Do nothing but immerse yourself in the language. Take a couple days of rest.
Then return to work freed of the huge mistake that is PHP.

------
senthil_rajasek
More a trick than a best practice, heredoc

[http://us.php.net/manual/en/language.types.string.php#langua...](http://us.php.net/manual/en/language.types.string.php#language.types.string.syntax.heredoc)

You should recognize this immediately if you have done any unix shell
scripting.

I use it to spit out large pieces of HTML.

------
kwamenum86
Write your own collection of object oriented php classes or use someone
else's. This will speed up your projects a ton. I tend to stay away from
frameworks unless it is commissioned work that involves a lot of boiler plate
code (forum, blog, etc.).

------
haasted
I think it would be a better idea to look at an application than a framework.
It will likely match your future work better.

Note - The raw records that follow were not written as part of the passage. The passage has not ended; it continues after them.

(* Let $\omega$ be a primitive third root of unity and let $S=\mathbb{C}\langle x,y,z\rangle/(x^2,y^2,z^2)$, graded by $\deg x=\deg y=\deg z=1$. For $t\in\mathbb{C}^*$ (i.e. $t\neq 0,\infty$), let $T_t$ be the quotient of $S$ by the two-sided ideal generated by $$v_1=(zxy+\omega xyz+\omega^2 yzx)+t\,(yxz+\omega zyx+\omega^2 xzy),\qquad v_2=(zxy+\omega^2 xyz+\omega yzx)+t\,(yxz+\omega^2 zyx+\omega xzy).$$ Then $T_t$ has Hilbert series $H_{T_t}(s)=\sum_{k\ge 0}\dim (T_t)_k\, s^k=\frac{1}{(1-s)^3}$.
   Context: The Hilbert series of a connected positively graded algebra $A$ is $H_A(s)=\sum_k \dim A_k s^k$. *)

theory Defs
  imports "HOL-Analysis.Analysis" "HOL-Library.Function_Algebras"
    "HOL-Computational_Algebra.Formal_Power_Series"
begin

text \<open>Noncommutative polynomials in the letters x = 0, y = 1, z = 2 over the complex
numbers are represented as coefficient functions on words (nat lists); addition,
zero and negation are pointwise (Function_Algebras).\<close>

type_synonym ncp = "nat list \<Rightarrow> complex"

definition nc_scale :: "complex \<Rightarrow> ncp \<Rightarrow> ncp" where
  "nc_scale c f = (\<lambda>w. c * f w)"

definition nc_mult :: "ncp \<Rightarrow> ncp \<Rightarrow> ncp" where
  "nc_mult f g = (\<lambda>w. \<Sum>i\<le>length w. f (take i w) * g (drop i w))"

definition nc_mon :: "nat list \<Rightarrow> ncp" where
  "nc_mon u = (\<lambda>w. if w = u then 1 else 0)"

definition ncpoly :: "ncp set" where
  "ncpoly = {f. finite {w. f w \<noteq> 0} \<and> (\<forall>w. f w \<noteq> 0 \<longrightarrow> set w \<subseteq> {0,1,2})}"

definition ncpoly_deg :: "nat \<Rightarrow> ncp set" where
  "ncpoly_deg k = {f \<in> ncpoly. \<forall>w. f w \<noteq> 0 \<longrightarrow> length w = k}"

definition nc_ideal :: "ncp set \<Rightarrow> ncp set" where
  "nc_ideal G = module.span nc_scale
     {nc_mult (nc_mult a g) b | a g b. a \<in> ncpoly \<and> g \<in> G \<and> b \<in> ncpoly}"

MediaWiki has in my experience a very well-written codebase, so I would
designate it a good candidate for code-reading.

------
sunkencity
if speed of execution is relevant, just use echo (which takes any number of
arguments), and single quoted strings (concatenating, or parsing double quoted
strings is slower):

function user_profile_link ($user) { echo '<a href="/user/', $user->profile,
'">', $user->name, '</a>'; }

------
thwarted
list() isn't a function, it just looks like one, just like array() looks like
a function but isn't. There apparently wasn't enough syntax to spend on making
things like this less ambiguous, but now we do have \ as a namespace
separator.

------
andreyf
Cool PHP trick: write a compiler from a better language to PHP and write your
code in that ;)